• [ABOUT THIS EXERCISE]:
Work out how many lines in the data below contain the string "have", and reply with that figure alone.

• [GIVEN RECORDS]:
==========

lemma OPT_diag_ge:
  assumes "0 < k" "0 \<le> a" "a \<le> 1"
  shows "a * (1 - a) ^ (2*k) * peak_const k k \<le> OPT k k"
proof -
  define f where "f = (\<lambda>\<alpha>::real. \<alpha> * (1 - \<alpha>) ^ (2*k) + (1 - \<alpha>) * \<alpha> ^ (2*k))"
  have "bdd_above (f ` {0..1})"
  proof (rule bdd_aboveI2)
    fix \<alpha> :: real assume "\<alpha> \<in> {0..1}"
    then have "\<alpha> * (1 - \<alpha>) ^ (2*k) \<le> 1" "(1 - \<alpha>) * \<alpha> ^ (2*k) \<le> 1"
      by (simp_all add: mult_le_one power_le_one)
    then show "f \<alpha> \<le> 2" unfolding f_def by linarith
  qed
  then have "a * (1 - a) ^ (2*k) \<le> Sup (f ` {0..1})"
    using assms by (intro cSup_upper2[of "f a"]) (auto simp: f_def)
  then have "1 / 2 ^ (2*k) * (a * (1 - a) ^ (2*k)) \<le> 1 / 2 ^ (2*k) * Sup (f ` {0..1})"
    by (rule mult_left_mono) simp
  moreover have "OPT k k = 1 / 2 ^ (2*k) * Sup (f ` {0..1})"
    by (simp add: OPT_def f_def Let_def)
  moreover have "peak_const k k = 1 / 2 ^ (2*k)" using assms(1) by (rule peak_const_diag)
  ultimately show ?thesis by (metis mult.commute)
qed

==========

• [RESULT]:
6